## EXERCISE DIRECTIONS
In the material below, the lines from the one containing "SG(9B+5) /= SG(9B+4)." through the one containing "less_Suc_eq numeral_2_eq_2 numeral_3_eq_3)" are to be given again exactly, ends included, and no others.

──────── DATA EXCERPTS

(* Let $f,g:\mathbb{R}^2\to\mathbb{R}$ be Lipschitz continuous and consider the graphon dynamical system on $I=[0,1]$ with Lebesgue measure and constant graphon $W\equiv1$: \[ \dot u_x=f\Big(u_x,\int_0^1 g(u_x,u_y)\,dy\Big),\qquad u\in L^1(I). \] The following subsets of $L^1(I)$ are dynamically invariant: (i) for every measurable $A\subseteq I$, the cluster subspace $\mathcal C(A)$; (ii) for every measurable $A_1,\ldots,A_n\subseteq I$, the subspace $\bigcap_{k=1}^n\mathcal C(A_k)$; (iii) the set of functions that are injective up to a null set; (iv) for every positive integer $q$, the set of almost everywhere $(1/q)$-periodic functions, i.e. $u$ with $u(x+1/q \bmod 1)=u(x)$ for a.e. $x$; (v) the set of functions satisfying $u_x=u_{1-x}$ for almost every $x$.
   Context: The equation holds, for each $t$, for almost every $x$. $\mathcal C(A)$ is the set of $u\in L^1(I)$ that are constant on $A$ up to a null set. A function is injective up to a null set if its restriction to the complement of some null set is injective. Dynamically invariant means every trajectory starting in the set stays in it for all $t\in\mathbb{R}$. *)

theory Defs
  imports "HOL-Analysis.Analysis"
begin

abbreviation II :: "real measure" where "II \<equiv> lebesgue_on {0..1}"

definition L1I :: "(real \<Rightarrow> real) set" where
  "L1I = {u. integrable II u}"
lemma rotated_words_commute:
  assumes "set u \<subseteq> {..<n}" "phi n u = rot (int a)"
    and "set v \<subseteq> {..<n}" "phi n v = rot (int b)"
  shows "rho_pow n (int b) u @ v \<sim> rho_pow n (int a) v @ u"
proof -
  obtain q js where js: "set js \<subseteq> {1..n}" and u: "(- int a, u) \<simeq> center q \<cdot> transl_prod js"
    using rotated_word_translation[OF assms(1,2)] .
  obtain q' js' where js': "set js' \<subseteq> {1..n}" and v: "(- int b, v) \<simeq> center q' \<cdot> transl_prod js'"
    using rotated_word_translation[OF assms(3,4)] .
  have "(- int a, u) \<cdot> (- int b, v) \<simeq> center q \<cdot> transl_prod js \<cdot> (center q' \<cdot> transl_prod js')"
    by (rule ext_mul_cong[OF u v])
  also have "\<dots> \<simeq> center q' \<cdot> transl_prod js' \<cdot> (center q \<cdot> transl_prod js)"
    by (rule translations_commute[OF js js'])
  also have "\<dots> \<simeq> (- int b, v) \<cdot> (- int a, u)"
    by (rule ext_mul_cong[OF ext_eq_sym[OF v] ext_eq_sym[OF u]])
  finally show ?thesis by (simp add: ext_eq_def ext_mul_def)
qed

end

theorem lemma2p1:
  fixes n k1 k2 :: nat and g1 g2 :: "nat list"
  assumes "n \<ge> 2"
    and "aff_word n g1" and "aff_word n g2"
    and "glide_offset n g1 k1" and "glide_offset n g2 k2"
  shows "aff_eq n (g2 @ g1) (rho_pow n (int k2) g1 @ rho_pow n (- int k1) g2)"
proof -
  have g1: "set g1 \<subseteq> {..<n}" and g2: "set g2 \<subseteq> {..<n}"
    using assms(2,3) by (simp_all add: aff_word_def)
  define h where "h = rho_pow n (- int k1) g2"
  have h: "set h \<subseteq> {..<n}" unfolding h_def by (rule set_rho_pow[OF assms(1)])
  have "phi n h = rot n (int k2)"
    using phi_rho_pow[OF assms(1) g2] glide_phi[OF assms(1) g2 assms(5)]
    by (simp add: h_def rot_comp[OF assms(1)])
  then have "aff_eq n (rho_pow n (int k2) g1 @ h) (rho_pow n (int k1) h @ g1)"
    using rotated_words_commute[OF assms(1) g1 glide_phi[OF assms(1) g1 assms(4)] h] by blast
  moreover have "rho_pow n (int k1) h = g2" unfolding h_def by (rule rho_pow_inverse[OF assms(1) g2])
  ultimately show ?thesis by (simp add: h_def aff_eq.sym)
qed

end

────────────────
──────── DATA EXCERPTS

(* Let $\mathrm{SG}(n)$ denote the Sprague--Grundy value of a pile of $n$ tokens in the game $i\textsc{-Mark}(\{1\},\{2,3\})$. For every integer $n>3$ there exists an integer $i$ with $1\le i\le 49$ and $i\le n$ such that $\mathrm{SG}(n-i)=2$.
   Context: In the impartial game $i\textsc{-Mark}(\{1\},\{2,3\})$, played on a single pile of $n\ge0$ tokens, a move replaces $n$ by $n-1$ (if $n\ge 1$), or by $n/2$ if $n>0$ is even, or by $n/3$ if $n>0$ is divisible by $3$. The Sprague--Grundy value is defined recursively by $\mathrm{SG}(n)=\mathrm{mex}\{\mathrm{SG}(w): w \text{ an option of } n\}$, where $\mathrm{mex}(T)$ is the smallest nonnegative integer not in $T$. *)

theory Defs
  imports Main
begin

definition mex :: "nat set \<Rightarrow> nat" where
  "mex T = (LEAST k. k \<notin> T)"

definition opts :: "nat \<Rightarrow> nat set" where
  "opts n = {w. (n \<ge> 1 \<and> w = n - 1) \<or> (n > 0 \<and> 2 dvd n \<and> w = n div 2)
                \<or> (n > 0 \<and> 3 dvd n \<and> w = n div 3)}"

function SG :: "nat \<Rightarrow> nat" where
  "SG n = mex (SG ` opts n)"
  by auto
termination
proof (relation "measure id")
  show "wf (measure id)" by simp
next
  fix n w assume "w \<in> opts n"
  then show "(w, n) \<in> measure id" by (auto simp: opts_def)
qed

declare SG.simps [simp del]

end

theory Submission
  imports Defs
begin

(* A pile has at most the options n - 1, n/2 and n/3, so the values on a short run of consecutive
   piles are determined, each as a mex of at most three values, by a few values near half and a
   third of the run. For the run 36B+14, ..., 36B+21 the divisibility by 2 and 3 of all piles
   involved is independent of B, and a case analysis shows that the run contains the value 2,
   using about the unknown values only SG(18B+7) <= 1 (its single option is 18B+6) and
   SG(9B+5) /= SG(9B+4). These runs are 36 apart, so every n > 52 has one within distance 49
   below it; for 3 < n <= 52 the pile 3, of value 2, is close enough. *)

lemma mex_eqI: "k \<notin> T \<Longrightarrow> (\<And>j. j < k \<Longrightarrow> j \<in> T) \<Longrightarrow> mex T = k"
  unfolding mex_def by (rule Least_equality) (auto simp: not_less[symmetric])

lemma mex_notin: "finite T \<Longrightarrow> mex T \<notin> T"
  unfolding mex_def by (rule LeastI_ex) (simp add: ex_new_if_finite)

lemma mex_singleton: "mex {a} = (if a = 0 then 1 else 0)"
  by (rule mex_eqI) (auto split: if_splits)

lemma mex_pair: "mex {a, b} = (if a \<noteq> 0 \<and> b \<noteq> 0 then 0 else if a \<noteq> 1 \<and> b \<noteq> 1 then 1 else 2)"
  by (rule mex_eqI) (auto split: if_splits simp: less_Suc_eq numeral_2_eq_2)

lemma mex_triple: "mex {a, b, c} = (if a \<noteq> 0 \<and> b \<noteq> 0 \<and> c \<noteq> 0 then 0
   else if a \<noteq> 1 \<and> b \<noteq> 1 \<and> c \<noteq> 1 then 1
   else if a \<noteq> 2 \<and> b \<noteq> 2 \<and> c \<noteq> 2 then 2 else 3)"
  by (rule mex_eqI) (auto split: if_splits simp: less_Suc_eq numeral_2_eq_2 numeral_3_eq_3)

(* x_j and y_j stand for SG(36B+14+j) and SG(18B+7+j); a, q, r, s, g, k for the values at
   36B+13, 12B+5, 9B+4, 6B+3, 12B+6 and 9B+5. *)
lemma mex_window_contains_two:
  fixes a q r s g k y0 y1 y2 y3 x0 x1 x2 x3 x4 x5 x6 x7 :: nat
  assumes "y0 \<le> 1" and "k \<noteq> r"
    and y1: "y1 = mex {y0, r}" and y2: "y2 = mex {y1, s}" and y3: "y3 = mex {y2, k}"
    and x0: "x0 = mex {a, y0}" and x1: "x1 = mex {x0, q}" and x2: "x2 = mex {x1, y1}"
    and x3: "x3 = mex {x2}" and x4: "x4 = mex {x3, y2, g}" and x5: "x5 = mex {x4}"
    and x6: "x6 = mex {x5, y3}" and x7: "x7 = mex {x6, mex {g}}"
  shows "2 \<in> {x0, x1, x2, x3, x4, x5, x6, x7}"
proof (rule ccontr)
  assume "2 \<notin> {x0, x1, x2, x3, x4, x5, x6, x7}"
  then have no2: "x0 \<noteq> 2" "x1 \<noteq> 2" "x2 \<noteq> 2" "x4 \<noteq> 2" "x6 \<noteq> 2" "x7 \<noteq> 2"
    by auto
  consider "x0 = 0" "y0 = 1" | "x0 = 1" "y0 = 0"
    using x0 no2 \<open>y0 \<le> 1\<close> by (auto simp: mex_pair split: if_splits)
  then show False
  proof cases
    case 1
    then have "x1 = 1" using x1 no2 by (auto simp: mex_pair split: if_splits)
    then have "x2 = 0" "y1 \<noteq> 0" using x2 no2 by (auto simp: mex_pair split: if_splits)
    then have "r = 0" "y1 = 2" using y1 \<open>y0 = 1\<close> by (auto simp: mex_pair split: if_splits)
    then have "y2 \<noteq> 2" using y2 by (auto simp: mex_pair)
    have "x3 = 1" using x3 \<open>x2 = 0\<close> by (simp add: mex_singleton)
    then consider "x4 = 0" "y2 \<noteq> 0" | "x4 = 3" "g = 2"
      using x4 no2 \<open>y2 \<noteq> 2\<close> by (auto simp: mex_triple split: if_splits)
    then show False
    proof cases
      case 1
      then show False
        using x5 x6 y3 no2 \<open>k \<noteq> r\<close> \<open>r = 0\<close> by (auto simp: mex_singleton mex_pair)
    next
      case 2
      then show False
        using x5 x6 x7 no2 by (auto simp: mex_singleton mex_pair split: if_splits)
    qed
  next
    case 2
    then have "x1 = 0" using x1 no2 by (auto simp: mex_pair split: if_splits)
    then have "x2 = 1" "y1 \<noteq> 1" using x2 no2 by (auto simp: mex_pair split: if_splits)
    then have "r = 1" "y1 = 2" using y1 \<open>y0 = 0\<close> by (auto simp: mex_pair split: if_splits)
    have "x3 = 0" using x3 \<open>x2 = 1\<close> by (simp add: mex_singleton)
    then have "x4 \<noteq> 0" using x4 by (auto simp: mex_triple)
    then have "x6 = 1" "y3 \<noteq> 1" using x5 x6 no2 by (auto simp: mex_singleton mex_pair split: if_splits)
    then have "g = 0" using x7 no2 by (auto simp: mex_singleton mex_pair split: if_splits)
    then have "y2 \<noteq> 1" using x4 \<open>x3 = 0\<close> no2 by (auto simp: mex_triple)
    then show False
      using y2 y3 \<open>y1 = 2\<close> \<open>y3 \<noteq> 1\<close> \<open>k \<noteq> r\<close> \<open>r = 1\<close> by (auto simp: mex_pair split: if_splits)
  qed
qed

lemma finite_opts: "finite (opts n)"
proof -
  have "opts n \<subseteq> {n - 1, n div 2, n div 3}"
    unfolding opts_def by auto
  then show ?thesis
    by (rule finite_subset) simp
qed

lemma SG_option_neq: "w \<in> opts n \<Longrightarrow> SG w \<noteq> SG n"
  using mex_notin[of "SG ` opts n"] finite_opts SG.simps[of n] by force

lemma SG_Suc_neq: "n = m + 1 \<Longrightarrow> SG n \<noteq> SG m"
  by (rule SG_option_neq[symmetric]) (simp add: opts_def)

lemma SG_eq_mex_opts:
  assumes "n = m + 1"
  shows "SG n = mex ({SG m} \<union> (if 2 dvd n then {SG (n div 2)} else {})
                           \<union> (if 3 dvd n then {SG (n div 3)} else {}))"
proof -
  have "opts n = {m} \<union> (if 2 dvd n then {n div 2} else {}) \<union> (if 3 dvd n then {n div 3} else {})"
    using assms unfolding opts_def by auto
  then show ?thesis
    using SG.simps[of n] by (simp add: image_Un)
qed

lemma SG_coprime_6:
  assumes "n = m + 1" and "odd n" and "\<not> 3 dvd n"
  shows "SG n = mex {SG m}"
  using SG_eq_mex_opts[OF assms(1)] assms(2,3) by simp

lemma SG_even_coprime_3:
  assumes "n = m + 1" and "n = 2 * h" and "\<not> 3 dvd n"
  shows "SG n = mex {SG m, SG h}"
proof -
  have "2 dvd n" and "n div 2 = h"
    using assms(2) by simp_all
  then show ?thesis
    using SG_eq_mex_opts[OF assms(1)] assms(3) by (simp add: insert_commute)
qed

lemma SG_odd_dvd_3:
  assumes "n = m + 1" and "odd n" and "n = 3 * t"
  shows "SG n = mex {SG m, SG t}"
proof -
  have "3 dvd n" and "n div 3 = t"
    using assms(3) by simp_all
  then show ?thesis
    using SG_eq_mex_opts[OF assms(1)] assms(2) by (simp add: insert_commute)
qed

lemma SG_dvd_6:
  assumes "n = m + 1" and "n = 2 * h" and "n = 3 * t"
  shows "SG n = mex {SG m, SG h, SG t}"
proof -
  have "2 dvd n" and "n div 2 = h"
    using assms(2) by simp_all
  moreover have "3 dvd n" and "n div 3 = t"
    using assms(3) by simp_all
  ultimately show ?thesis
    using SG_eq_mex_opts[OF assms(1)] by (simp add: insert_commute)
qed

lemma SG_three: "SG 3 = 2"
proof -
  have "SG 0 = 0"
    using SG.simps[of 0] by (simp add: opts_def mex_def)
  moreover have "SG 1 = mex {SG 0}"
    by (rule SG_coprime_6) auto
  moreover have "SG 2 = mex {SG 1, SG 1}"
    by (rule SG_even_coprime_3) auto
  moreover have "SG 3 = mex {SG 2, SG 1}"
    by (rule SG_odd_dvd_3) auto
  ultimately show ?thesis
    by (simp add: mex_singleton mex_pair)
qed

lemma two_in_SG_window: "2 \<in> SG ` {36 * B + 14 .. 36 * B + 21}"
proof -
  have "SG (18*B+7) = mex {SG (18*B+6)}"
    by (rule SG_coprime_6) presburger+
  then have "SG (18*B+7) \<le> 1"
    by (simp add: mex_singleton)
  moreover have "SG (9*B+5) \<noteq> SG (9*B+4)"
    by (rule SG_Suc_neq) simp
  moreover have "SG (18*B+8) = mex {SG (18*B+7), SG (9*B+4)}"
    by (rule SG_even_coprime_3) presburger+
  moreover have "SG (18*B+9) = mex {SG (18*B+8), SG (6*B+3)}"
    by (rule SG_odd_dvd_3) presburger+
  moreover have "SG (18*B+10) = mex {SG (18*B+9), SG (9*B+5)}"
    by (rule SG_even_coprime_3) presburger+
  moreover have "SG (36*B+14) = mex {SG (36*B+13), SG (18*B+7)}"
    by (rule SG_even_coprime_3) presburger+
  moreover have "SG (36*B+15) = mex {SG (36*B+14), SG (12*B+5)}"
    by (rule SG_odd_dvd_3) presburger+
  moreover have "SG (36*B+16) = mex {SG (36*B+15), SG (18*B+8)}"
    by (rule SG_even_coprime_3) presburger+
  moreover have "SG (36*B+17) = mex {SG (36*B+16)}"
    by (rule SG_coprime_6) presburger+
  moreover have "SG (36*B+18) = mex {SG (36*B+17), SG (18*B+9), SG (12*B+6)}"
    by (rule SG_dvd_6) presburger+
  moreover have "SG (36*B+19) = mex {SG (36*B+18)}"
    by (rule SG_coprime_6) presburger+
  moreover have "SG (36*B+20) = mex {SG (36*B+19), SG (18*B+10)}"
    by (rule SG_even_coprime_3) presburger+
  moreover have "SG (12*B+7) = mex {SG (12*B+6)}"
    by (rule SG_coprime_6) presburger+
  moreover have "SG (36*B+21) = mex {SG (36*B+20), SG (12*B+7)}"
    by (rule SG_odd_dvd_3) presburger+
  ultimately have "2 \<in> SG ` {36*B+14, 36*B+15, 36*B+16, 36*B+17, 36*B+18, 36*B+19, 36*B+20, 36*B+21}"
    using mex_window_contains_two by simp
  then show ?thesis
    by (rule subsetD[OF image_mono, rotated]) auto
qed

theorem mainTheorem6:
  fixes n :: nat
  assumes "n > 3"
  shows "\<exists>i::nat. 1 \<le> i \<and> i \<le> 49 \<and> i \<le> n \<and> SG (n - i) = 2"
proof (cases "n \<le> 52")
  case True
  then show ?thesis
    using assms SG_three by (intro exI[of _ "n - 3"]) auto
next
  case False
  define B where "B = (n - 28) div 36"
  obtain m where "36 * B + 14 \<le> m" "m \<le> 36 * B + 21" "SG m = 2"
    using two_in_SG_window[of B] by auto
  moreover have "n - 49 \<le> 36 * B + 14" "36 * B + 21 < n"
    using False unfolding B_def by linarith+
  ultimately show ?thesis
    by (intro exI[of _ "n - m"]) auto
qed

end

────────────────
──────── DATA EXCERPTS

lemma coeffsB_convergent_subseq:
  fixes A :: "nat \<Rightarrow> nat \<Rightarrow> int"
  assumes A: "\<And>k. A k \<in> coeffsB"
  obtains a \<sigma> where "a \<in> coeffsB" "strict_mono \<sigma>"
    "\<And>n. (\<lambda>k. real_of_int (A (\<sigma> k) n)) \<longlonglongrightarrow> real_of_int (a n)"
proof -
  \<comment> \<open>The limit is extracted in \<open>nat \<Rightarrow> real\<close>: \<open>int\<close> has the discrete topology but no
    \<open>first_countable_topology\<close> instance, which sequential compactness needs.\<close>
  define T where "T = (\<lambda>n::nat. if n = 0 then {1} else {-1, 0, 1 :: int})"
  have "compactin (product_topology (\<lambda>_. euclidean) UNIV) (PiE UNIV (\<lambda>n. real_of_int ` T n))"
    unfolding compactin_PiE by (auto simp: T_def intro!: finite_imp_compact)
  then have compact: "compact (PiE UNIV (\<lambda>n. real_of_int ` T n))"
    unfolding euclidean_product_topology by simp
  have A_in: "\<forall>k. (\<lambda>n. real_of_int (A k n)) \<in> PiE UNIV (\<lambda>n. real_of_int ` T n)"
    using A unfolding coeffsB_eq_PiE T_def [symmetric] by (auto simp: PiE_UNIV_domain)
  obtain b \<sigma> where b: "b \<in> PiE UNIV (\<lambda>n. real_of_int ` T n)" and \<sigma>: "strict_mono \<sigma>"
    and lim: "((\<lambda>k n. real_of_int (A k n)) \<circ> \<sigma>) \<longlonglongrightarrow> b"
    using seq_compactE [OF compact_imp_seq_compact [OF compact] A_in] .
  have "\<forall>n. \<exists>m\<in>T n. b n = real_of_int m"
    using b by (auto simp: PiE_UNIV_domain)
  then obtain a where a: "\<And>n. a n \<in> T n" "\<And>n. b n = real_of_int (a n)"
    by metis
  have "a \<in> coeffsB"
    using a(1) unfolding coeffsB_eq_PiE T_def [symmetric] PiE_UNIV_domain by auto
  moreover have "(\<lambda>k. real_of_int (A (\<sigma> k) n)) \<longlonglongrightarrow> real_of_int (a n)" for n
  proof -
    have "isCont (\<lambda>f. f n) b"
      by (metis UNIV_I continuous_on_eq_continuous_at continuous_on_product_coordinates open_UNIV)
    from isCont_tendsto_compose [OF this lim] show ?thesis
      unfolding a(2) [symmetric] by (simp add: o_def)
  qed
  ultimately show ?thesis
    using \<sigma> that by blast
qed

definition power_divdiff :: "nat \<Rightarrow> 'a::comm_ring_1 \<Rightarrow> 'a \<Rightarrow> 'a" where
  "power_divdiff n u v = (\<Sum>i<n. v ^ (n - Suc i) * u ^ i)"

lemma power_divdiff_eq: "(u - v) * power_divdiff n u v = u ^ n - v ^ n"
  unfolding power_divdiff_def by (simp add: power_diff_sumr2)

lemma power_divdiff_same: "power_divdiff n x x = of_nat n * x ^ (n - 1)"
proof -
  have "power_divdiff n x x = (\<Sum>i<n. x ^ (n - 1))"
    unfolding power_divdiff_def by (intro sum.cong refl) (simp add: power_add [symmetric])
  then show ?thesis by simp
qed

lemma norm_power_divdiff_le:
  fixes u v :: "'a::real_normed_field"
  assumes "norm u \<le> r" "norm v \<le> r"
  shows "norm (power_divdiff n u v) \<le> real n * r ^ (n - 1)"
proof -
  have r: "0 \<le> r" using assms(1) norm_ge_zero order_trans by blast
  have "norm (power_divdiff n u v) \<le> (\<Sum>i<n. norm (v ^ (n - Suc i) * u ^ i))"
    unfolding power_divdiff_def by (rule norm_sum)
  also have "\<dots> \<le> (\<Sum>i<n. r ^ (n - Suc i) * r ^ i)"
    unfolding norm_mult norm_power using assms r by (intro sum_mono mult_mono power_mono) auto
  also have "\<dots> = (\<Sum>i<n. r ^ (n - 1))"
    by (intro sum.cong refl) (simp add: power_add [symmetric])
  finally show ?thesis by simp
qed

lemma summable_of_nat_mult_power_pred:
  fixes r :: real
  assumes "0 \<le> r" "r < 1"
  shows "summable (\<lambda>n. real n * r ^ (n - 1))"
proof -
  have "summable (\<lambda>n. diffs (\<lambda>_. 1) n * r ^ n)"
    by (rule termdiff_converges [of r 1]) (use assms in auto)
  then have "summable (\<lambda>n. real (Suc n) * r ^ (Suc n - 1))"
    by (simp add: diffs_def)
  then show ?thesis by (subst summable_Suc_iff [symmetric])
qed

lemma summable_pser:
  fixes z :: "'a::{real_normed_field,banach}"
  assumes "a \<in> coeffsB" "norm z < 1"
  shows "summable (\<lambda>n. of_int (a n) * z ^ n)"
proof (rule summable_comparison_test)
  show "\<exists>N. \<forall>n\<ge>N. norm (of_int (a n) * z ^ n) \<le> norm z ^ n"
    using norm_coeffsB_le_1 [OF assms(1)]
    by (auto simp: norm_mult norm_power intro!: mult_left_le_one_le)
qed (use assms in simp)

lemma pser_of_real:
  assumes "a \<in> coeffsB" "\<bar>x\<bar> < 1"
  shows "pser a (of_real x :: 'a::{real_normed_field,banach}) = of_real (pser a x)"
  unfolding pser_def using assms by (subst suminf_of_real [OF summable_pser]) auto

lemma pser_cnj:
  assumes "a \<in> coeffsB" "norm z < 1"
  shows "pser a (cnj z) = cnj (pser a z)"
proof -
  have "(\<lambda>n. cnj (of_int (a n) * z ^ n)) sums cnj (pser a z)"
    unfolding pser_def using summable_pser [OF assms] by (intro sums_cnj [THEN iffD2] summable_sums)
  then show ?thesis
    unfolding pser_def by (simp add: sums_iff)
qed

────────────────

## SOLUTION TO THE EXERCISE
   SG(9B+5) /= SG(9B+4). These runs are 36 apart, so every n > 52 has one within distance 49
   below it; for 3 < n <= 52 the pile 3, of value 2, is close enough. *)

lemma mex_eqI: "k \<notin> T \<Longrightarrow> (\<And>j. j < k \<Longrightarrow> j \<in> T) \<Longrightarrow> mex T = k"
  unfolding mex_def by (rule Least_equality) (auto simp: not_less[symmetric])

lemma mex_notin: "finite T \<Longrightarrow> mex T \<notin> T"
  unfolding mex_def by (rule LeastI_ex) (simp add: ex_new_if_finite)

lemma mex_singleton: "mex {a} = (if a = 0 then 1 else 0)"
  by (rule mex_eqI) (auto split: if_splits)

lemma mex_pair: "mex {a, b} = (if a \<noteq> 0 \<and> b \<noteq> 0 then 0 else if a \<noteq> 1 \<and> b \<noteq> 1 then 1 else 2)"
  by (rule mex_eqI) (auto split: if_splits simp: less_Suc_eq numeral_2_eq_2)

lemma mex_triple: "mex {a, b, c} = (if a \<noteq> 0 \<and> b \<noteq> 0 \<and> c \<noteq> 0 then 0
   else if a \<noteq> 1 \<and> b \<noteq> 1 \<and> c \<noteq> 1 then 1
   else if a \<noteq> 2 \<and> b \<noteq> 2 \<and> c \<noteq> 2 then 2 else 3)"
  by (rule mex_eqI) (auto split: if_splits simp: less_Suc_eq numeral_2_eq_2 numeral_3_eq_3)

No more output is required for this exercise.